### Material to process ###

lemma S_d_fooling_fun_ge:
  assumes D: "open_d d (D d)" "D d \<in> sets (lebesgue_d d)" "emeasure (lebesgue_d d) (D d) = 1"
    and K: "K \<ge> 0" and r: "r > 0"
  shows "min 1 (K * (r * sqrt (real d))) * (1 - real n * (exp (1/2) * sqrt (2 * pi) * r) ^ d)
         \<le> S_d D d (fooling_fun K d p n)"
proof -
  define a where "a = min 1 (K * (r * sqrt (real d)))"
  define U where "U = (\<Union>j<n. {x \<in> space_d d. dist_d d x (p j) < r * sqrt (real d)})"
  let ?g = "fooling_fun K d p n"
  have a: "0 \<le> a"
    using K r by (simp add: a_def)
  have U: "U \<in> fmeasurable (lebesgue_d d)"
    unfolding U_def by (rule fmeasurable_Union_balls_sqrt_d[OF r])
  have D_fin: "D d \<in> fmeasurable (lebesgue_d d)"
    using D by (intro fmeasurableI) auto
  have "a * indicator (D d) x - a * indicator U x \<le> indicator (D d) x * ?g x" for x
  proof -
    have "x \<in> space_d d \<Longrightarrow> x \<notin> U \<Longrightarrow> a \<le> ?g x"
      unfolding a_def by (rule fooling_fun_ge[OF K]) (auto simp: U_def not_less)
    then show ?thesis
      using open_d_subset_space[OF D(1)] a fooling_fun_nonneg[OF K, of d p n x]
      by (auto simp: indicator_def)
  qed
  moreover have "integrable (lebesgue_d d) (\<lambda>x. indicator (D d) x * ?g x)"
    using D fooling_fun_lipschitz[OF K] fooling_fun_nonneg[OF K] fooling_fun_le_1
    by (intro lipschitz_on_open_integrable[OF D(1,2) _ K, where B=1]) (auto simp: abs_le_iff)
  moreover have int_D: "integrable (lebesgue_d d) (\<lambda>x. a * indicator (D d) x)"
    and int_U: "integrable (lebesgue_d d) (\<lambda>x. a * indicator U x)"
    using U D_fin by (auto intro!: integrable_real_indicator simp: fmeasurable_def)
  ultimately have "(\<integral>x. a * indicator (D d) x - a * indicator U x \<partial>lebesgue_d d) \<le> S_d D d ?g"
    unfolding S_d_eq_integral by (intro integral_mono Bochner_Integration.integrable_diff)
  moreover have "(\<integral>x. a * indicator (D d) x - a * indicator U x \<partial>lebesgue_d d)
                 = a * (1 - measure (lebesgue_d d) U)"
  proof -
    have "D d \<inter> space_d d = D d" "U \<inter> space_d d = U"
      using open_d_subset_space[OF D(1)] by (auto simp: U_def)
    then show ?thesis
      using D int_D int_U by (simp add: measure_def right_diff_distrib)
  qed
  moreover have "a * (1 - real n * (exp (1/2) * sqrt (2 * pi) * r) ^ d) \<le> a * (1 - measure (lebesgue_d d) U)"
    using measure_Union_balls_sqrt_d_le[OF r, where d=d and n=n and p=p] a by (simp add: U_def mult_left_mono)
  ultimately show ?thesis
    by (simp add: a_def)
qed

lemma info_eq_replicate_zero:
  "(\<forall>j<k. f (P j (replicate j 0)) = 0) \<Longrightarrow> info P f k = replicate k 0"
  by (induction k) (simp_all add: replicate_append_same)

text \<open>If \<open>g\<close> and \<open>-g\<close> both lie in \<open>F\<close> and vanish at the nodes which the algorithm
  chooses on the zero function, the algorithm cannot distinguish them, while their
  integrals are \<open>S g\<close> and \<open>-S g\<close>.\<close>
lemma achieves_fooling:
  assumes "achieves D d F n \<epsilon>"
  obtains P where
    "\<And>g. g \<in> F \<Longrightarrow> (\<lambda>x. - g x) \<in> F \<Longrightarrow> \<forall>j<n. g (P j (replicate j 0)) = 0 \<Longrightarrow> S_d D d g \<le> \<epsilon>"
proof -
  obtain P \<phi> where err: "\<forall>f\<in>F. \<bar>S_d D d f - \<phi> (info P f n)\<bar> \<le> \<epsilon>"
    using assms unfolding achieves_def by blast
  have "S_d D d g \<le> \<epsilon>"
    if "g \<in> F" "(\<lambda>x. - g x) \<in> F" and zero: "\<forall>j<n. g (P j (replicate j 0)) = 0" for g
  proof -
    have "info P g n = replicate n 0" "info P (\<lambda>x. - g x) n = replicate n 0"
      using zero by (auto intro: info_eq_replicate_zero)
    then have "\<bar>S_d D d g - \<phi> (replicate n 0)\<bar> \<le> \<epsilon>"
      "\<bar>S_d D d (\<lambda>x. - g x) - \<phi> (replicate n 0)\<bar> \<le> \<epsilon>"
      using err that(1,2) by metis+
    moreover have "S_d D d (\<lambda>x. - g x) = - S_d D d g"
      by (simp add: S_d_eq_integral)
    ultimately show ?thesis
      by (simp add: abs_le_iff)
  qed
  then show thesis
    by (rule that)
qed

lemma C0_information_lower_bound:
  assumes D: "open_d d (D d)" "D d \<in> sets (lebesgue_d d)" "emeasure (lebesgue_d d) (D d) = 1"
    and L: "L d \<ge> 0" and c: "c \<le> L d * sqrt (real d)"
    and \<epsilon>: "\<epsilon> < min 1 (c / (4 * exp (1/2) * sqrt (2 * pi))) / 2"
    and "achieves D d (C0 D L d) n \<epsilon>"
  shows "2 ^ d / 2 \<le> real n"
proof (rule ccontr)
  assume "\<not> 2 ^ d / 2 \<le> real n"
  then have "real n * 2 \<le> 4 ^ d"
    using power_mono[of "2::real" 4 d] by linarith
  then have "real n * (1/4) ^ d \<le> 1/2"
    by (simp add: power_one_over field_simps)
  define r where "r = 1 / (4 * exp (1/2) * sqrt (2 * pi))"
  have r: "r > 0" "exp (1/2) * sqrt (2 * pi) * r = 1/4"
    by (simp_all add: r_def)
  obtain P where fool: "\<And>g. g \<in> C0 D L d \<Longrightarrow> (\<lambda>x. - g x) \<in> C0 D L d
                 \<Longrightarrow> \<forall>j<n. g (P j (replicate j 0)) = 0 \<Longrightarrow> S_d D d g \<le> \<epsilon>"
    using achieves_fooling[OF assms(7)] by metis
  define p where "p j = P j (replicate j 0)" for j
  define g where "g = fooling_fun (L d) d p n"
  have "\<forall>j<n. g (P j (replicate j 0)) = 0"
    using fooling_fun_vanishes[OF L, of _ n d p] by (simp add: g_def p_def)
  then have "S_d D d g \<le> \<epsilon>"
    using fool fooling_fun_in_C0[of L d, OF L] by (simp add: g_def)
  moreover have "min 1 (L d * (r * sqrt (real d))) * (1 - real n * (1/4) ^ d) \<le> S_d D d g"
    using S_d_fooling_fun_ge[where D=D and d=d, OF D L r(1)] by (simp add: g_def r(2))
  moreover have "min 1 (c * r) / 2 \<le> min 1 (L d * (r * sqrt (real d))) * (1 - real n * (1/4) ^ d)"
  proof -
    have "c * r \<le> L d * (r * sqrt (real d))"
      using mult_right_mono[OF c, of r] r(1) by (simp add: ac_simps)
    then have "min 1 (c * r) / 2 \<le> min 1 (L d * (r * sqrt (real d))) * (1/2)"
      by simp
    also have "\<dots> \<le> min 1 (L d * (r * sqrt (real d))) * (1 - real n * (1/4) ^ d)"
      using \<open>real n * (1/4) ^ d \<le> 1/2\<close> L r(1) by (intro mult_left_mono) auto
    finally show ?thesis .
  qed
  moreover have "\<epsilon> < min 1 (c * r) / 2"
    using \<epsilon> by (simp add: r_def)
  ultimately show False
    by linarith
qed

section \<open>Upper bound by one function value\<close>

lemma C0_deviation_le:
  assumes L: "L d \<ge> 0" and f: "f \<in> C0 D L d" and x: "x \<in> D d" and z: "z \<in> D d"
  shows "\<bar>f x - f z\<bar> \<le> L d * (\<bar>R\<bar> * sqrt (real d))
           + 2 * indicator {x \<in> D d. R * sqrt (real d) \<le> dist_d d x z} x"
proof (cases "R * sqrt (real d) \<le> dist_d d x z")
  case True
  have "\<bar>f x\<bar> \<le> 1" "\<bar>f z\<bar> \<le> 1"
    using f x z by (auto simp: C0_def)
  moreover have "0 \<le> L d * (\<bar>R\<bar> * sqrt (real d))"
    using L by simp
  ultimately show ?thesis
    using True x by simp
next
  case False
  have "\<bar>f x - f z\<bar> \<le> L d * dist_d d x z"
    using f x z by (auto simp: C0_def)
  also have "\<dots> \<le> L d * (\<bar>R\<bar> * sqrt (real d))"
    using False L by (intro mult_left_mono) (auto simp: not_le abs_mult_pos)
  finally show ?thesis
    using False by (simp add: indicator_def)
qed

lemma fmeasurable_dist_d_ge_subset:
  assumes "A \<in> fmeasurable (lebesgue_d d)"
  shows "{x \<in> A. t \<le> dist_d d x z} \<in> fmeasurable (lebesgue_d d)"
proof (rule fmeasurableI2[OF assms])
  have A: "A \<in> sets (lebesgue_d d)"
    using assms by (simp add: fmeasurable_def)
  then have "{x \<in> A. t \<le> dist_d d x z} = A \<inter> {x \<in> space (lebesgue_d d). t \<le> dist_d d x z}"
    using sets.sets_into_space[OF A] by auto
  moreover have "{x \<in> space (lebesgue_d d). t \<le> dist_d d x z} \<in> sets (lebesgue_d d)"
    by measurable
  ultimately show "{x \<in> A. t \<le> dist_d d x z} \<in> sets (lebesgue_d d)"
    using A by (simp only: sets.Int)
qed auto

###

Task description: Every line of the records containing the word "sets" must appear in the answer.

Result:
  assumes D: "open_d d (D d)" "D d \<in> sets (lebesgue_d d)" "emeasure (lebesgue_d d) (D d) = 1"
  assumes D: "open_d d (D d)" "D d \<in> sets (lebesgue_d d)" "emeasure (lebesgue_d d) (D d) = 1"
  have A: "A \<in> sets (lebesgue_d d)"
    using sets.sets_into_space[OF A] by auto
  moreover have "{x \<in> space (lebesgue_d d). t \<le> dist_d d x z} \<in> sets (lebesgue_d d)"
  ultimately show "{x \<in> A. t \<le> dist_d d x z} \<in> sets (lebesgue_d d)"
    using A by (simp only: sets.Int)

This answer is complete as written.